• EXERCISE REQUIREMENTS: Copy, word for word, the lines of the entries below between the one with "so a positive" and the one with "(\<Prod>i\<in>UNIV. [: C$i$(\<pi>", inclusive, and leave out everything else.

• INPUT DATA:
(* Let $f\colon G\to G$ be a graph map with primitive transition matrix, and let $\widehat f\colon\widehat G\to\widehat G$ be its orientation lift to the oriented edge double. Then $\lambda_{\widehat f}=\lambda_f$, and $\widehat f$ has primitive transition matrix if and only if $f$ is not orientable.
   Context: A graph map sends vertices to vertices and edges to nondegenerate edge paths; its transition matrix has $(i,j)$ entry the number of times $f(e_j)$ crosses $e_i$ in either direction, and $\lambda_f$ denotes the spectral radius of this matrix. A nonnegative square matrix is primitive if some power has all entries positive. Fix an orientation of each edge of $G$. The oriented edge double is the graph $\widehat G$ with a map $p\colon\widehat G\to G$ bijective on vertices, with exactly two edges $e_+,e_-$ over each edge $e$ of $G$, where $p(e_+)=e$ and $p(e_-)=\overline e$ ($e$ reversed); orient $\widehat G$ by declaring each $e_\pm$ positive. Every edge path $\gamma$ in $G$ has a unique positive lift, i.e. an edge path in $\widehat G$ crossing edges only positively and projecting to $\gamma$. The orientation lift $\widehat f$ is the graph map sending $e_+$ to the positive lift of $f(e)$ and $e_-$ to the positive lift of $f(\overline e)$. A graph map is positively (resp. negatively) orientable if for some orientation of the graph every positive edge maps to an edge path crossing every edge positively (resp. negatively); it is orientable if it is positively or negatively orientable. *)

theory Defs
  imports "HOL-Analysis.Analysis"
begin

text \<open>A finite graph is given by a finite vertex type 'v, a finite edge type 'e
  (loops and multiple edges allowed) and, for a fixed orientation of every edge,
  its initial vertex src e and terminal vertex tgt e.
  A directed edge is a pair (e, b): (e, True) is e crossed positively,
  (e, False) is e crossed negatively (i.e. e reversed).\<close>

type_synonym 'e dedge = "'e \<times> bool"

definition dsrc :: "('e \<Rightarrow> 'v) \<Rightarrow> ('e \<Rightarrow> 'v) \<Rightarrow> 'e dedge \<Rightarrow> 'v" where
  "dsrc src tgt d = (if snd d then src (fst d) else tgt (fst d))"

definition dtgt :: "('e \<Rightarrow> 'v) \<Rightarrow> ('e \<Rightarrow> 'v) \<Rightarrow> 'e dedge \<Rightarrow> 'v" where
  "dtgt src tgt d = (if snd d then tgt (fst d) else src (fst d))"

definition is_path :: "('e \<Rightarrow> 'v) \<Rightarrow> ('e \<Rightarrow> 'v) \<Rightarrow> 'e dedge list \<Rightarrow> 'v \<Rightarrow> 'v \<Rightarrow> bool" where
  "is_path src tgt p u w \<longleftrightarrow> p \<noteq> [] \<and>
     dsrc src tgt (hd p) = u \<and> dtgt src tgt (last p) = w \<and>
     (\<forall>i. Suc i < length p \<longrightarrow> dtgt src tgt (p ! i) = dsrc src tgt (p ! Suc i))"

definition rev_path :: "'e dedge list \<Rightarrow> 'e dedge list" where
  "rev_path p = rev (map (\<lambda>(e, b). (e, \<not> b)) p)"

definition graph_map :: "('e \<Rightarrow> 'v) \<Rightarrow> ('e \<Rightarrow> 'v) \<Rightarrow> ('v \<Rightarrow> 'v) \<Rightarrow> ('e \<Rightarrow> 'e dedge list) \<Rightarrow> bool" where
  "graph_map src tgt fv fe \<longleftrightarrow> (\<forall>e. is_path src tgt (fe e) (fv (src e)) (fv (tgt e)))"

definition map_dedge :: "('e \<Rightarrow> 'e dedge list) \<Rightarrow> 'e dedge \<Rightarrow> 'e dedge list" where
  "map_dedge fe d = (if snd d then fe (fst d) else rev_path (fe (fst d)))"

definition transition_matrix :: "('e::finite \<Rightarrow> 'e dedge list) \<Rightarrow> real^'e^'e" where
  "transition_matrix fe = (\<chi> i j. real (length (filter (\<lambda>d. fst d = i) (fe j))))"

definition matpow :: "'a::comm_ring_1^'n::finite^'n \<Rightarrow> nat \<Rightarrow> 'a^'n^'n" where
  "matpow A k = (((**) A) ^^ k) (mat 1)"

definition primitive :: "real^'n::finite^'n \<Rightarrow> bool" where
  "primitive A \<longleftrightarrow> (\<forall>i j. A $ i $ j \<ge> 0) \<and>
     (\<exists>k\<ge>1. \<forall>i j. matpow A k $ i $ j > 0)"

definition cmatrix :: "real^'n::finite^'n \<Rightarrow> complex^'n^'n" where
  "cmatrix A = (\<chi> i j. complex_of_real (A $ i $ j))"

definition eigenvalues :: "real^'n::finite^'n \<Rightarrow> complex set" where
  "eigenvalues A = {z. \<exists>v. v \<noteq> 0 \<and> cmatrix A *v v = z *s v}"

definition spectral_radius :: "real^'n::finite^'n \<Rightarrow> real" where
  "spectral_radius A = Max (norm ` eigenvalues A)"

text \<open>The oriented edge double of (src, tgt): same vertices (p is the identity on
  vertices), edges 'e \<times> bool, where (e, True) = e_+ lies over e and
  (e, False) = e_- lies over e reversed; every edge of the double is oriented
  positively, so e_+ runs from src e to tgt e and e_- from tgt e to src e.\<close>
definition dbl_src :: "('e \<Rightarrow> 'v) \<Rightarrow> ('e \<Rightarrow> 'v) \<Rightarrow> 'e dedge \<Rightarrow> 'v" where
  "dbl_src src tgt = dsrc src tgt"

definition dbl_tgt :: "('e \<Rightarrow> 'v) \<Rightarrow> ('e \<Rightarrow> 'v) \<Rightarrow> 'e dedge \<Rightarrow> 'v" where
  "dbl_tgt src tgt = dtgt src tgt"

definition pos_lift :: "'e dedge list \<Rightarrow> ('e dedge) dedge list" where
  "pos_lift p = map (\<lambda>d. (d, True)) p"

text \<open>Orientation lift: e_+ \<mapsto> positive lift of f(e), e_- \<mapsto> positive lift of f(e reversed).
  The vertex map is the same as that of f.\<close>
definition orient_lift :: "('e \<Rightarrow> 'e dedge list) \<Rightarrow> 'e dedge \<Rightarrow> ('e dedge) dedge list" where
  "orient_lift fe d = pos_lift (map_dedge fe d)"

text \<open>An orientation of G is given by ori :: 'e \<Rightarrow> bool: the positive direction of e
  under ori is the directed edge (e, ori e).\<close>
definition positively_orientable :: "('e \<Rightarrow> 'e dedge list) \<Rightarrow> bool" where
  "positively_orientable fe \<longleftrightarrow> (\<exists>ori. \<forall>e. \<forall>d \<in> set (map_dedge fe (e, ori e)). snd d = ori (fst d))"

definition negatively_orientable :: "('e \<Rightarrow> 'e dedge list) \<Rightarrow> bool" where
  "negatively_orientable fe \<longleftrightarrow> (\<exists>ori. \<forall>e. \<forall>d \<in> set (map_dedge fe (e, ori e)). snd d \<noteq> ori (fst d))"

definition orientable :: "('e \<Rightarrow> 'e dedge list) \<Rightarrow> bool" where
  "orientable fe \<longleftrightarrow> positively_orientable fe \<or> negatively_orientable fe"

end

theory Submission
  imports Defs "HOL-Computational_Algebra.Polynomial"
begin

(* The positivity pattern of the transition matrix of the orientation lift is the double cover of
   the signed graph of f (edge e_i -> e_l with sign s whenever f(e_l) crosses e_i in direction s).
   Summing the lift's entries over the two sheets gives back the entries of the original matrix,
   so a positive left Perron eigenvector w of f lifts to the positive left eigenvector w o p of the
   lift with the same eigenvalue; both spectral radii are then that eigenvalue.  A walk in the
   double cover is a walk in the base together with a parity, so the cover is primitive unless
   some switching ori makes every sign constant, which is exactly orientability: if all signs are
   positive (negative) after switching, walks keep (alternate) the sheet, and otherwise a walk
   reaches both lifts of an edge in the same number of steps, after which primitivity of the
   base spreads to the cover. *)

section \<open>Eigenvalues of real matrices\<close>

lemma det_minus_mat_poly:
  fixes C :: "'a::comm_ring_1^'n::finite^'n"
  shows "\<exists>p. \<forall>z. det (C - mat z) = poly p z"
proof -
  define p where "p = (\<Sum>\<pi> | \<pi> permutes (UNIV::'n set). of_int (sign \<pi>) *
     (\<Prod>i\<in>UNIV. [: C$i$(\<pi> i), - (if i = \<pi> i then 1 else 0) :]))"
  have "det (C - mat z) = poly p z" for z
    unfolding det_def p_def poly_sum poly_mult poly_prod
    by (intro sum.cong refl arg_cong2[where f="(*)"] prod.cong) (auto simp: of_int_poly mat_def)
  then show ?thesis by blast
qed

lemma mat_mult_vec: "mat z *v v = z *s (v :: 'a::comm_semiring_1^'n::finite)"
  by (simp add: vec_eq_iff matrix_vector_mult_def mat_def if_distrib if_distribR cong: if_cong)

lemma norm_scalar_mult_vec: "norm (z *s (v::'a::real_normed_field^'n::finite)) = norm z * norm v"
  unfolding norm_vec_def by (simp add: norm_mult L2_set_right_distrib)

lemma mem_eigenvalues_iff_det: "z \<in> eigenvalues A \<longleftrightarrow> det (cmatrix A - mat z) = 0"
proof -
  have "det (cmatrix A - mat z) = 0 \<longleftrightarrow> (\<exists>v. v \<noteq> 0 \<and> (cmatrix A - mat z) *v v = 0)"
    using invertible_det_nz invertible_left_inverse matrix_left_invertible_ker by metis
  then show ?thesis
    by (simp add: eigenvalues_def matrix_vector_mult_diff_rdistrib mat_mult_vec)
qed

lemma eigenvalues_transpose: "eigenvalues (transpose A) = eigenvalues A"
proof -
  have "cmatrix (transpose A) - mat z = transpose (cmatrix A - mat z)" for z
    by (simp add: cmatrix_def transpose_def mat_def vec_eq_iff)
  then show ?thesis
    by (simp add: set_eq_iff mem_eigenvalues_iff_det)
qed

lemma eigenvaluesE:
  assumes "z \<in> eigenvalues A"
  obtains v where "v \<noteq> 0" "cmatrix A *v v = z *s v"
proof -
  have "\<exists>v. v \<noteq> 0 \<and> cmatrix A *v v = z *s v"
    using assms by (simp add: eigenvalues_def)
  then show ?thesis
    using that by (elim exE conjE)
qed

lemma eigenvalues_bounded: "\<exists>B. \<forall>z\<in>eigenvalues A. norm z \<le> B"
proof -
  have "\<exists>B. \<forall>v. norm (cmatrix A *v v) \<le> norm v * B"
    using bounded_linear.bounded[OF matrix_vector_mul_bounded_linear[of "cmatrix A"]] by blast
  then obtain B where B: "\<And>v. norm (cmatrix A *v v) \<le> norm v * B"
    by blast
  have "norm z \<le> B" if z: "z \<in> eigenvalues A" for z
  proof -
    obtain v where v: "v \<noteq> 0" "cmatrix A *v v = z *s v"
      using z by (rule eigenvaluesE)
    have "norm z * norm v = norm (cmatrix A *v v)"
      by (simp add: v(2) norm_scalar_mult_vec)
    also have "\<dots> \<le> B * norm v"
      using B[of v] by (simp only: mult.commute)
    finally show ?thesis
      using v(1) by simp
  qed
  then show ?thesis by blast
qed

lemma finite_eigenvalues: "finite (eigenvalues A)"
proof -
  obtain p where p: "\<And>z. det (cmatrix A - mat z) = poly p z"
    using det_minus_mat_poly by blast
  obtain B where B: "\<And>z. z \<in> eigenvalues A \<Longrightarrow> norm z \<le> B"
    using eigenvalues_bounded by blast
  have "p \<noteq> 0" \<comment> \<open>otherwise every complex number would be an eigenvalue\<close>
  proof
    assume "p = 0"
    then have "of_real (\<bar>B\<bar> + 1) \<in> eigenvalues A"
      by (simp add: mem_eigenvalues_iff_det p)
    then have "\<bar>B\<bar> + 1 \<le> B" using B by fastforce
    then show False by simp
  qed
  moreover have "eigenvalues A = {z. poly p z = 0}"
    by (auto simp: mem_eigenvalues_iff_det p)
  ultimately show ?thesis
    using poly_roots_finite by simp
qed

...

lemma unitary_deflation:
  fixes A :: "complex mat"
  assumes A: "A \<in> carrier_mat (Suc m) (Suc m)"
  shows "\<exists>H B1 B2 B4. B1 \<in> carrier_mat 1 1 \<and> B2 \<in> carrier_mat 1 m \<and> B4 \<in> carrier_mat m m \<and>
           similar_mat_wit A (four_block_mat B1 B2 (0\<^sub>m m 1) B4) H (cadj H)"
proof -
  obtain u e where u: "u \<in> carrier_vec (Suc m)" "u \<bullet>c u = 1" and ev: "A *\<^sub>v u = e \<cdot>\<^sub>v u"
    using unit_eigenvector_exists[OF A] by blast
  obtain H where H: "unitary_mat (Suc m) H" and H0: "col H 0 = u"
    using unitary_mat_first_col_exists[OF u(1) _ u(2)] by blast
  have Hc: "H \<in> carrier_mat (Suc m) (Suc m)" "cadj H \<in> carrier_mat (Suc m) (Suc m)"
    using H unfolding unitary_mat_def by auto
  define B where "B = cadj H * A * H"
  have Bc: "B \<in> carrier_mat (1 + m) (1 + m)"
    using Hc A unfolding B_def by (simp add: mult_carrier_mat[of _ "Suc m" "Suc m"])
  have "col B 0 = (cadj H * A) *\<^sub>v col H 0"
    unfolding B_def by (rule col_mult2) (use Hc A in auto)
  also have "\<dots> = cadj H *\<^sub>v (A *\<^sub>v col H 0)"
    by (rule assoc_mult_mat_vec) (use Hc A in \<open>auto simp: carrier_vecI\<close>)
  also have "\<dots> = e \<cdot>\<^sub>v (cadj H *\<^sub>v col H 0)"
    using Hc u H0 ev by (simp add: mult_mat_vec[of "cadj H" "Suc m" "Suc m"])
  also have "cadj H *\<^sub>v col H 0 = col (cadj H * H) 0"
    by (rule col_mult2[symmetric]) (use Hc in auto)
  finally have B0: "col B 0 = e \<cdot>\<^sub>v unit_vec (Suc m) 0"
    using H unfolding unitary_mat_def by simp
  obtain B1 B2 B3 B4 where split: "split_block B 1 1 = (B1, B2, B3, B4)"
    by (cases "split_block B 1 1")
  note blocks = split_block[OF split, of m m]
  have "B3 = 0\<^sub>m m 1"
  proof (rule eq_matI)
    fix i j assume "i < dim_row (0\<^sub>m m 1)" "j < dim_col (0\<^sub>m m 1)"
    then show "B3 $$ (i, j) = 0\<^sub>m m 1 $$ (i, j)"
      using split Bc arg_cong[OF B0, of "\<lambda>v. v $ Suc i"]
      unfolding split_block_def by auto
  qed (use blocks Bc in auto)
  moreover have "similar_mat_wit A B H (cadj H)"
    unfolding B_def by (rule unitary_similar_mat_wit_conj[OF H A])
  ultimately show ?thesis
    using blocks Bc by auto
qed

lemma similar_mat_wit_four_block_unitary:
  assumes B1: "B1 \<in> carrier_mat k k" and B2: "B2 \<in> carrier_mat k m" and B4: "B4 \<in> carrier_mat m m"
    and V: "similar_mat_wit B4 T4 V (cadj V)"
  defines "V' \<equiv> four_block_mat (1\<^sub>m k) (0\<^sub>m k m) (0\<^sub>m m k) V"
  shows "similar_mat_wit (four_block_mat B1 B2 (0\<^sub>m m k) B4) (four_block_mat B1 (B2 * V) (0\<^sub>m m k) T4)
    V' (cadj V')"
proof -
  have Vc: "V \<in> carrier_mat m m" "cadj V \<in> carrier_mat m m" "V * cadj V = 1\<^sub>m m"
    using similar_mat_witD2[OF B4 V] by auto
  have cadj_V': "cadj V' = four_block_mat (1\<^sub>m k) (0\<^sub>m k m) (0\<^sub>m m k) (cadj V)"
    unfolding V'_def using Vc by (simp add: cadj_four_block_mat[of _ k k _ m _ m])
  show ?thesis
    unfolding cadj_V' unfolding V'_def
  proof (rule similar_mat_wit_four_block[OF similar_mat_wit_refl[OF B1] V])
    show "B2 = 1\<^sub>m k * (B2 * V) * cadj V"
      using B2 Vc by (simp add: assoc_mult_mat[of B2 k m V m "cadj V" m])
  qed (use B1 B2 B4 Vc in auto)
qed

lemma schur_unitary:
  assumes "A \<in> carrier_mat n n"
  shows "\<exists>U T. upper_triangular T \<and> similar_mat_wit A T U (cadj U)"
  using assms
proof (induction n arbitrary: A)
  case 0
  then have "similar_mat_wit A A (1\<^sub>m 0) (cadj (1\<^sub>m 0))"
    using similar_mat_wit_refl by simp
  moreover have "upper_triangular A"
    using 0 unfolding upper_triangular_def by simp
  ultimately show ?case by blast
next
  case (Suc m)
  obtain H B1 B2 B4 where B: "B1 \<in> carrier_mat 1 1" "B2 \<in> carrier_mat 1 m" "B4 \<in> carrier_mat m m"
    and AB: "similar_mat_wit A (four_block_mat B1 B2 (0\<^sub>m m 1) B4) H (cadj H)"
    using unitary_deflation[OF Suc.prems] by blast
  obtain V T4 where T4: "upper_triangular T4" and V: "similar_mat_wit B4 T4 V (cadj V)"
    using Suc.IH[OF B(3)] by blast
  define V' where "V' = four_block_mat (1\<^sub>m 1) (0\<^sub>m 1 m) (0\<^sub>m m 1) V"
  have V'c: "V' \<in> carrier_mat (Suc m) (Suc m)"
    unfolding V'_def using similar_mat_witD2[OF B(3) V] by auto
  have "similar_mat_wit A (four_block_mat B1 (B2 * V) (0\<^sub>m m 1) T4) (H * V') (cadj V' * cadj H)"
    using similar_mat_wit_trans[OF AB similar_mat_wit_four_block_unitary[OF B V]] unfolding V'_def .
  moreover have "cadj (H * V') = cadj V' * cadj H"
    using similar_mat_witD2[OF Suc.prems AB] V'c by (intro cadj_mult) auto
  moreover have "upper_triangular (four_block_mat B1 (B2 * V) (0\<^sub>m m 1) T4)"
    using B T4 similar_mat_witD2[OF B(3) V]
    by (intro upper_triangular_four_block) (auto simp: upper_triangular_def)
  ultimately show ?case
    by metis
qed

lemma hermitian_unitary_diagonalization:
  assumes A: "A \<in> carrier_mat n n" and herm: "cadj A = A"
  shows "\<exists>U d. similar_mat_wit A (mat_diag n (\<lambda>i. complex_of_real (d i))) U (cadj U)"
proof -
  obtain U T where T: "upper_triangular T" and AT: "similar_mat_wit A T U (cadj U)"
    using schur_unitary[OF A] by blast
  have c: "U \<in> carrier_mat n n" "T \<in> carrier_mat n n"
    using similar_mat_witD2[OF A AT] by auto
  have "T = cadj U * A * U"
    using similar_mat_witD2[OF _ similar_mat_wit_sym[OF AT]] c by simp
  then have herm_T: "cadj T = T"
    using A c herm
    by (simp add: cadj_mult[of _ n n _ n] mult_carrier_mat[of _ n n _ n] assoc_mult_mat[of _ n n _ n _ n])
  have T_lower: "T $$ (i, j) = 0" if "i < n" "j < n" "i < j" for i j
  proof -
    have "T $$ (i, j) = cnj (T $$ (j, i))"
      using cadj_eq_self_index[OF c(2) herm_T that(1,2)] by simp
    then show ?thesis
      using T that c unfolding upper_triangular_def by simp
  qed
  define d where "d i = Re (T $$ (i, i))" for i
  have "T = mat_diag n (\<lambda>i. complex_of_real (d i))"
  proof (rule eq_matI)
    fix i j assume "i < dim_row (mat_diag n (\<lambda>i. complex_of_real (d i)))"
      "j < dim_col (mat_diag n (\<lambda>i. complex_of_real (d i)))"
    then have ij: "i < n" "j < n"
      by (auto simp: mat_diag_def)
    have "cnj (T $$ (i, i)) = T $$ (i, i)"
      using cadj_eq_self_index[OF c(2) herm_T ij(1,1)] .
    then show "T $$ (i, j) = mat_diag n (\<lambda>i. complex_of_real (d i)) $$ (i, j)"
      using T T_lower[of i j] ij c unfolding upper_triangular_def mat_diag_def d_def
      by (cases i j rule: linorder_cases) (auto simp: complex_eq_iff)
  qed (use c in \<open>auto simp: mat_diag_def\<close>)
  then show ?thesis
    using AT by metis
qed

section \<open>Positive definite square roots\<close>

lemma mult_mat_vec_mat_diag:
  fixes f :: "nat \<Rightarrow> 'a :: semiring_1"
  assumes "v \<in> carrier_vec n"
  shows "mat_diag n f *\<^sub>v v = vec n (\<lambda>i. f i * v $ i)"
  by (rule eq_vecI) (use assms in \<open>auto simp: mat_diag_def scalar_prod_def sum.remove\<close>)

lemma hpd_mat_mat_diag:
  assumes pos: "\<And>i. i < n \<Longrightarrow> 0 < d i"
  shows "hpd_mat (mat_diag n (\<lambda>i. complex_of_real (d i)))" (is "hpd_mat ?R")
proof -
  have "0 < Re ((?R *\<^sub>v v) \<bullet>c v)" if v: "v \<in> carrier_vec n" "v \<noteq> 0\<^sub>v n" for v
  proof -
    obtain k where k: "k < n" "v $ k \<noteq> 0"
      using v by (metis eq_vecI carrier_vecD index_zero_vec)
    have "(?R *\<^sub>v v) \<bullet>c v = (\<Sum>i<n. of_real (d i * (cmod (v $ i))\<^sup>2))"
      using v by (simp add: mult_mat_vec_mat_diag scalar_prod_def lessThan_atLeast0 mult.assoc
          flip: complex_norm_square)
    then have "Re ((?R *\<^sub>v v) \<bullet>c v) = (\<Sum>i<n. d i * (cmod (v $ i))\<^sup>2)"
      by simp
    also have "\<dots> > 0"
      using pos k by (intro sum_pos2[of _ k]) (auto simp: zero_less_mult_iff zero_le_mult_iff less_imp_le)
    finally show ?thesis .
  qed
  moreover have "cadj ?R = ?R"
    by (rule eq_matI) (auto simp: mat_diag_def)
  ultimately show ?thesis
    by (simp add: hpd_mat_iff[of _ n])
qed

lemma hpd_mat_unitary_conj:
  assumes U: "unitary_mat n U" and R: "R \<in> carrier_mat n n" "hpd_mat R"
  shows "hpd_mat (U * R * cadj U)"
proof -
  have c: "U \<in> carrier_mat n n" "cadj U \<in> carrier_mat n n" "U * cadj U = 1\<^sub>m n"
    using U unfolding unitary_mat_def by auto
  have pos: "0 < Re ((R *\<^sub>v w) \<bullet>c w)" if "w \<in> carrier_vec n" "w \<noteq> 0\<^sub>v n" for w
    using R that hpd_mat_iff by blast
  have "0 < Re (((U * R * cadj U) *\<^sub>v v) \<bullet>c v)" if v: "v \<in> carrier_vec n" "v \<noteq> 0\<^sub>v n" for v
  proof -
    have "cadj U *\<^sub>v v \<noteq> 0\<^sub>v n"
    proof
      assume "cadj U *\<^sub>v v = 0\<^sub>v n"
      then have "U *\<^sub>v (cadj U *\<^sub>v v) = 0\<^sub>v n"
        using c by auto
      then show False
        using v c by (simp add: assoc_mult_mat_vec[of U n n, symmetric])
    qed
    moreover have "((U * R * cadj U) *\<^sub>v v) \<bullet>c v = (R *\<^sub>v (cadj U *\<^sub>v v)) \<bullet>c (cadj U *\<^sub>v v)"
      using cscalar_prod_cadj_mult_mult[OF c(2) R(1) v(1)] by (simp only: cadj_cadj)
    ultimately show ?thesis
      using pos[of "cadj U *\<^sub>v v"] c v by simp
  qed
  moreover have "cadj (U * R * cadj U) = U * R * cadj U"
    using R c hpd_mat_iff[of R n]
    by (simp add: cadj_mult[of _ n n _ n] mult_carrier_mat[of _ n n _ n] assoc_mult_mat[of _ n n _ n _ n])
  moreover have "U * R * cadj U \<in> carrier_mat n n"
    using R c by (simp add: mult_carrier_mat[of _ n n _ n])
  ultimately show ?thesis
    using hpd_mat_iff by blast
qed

• RESULT FOR THIS EXERCISE:
   so a positive left Perron eigenvector w of f lifts to the positive left eigenvector w o p of the
   lift with the same eigenvalue; both spectral radii are then that eigenvalue.  A walk in the
   double cover is a walk in the base together with a parity, so the cover is primitive unless
   some switching ori makes every sign constant, which is exactly orientability: if all signs are
   positive (negative) after switching, walks keep (alternate) the sheet, and otherwise a walk
   reaches both lifts of an edge in the same number of steps, after which primitivity of the
   base spreads to the cover. *)

section \<open>Eigenvalues of real matrices\<close>

lemma det_minus_mat_poly:
  fixes C :: "'a::comm_ring_1^'n::finite^'n"
  shows "\<exists>p. \<forall>z. det (C - mat z) = poly p z"
proof -
  define p where "p = (\<Sum>\<pi> | \<pi> permutes (UNIV::'n set). of_int (sign \<pi>) *
     (\<Prod>i\<in>UNIV. [: C$i$(\<pi> i), - (if i = \<pi> i then 1 else 0) :]))"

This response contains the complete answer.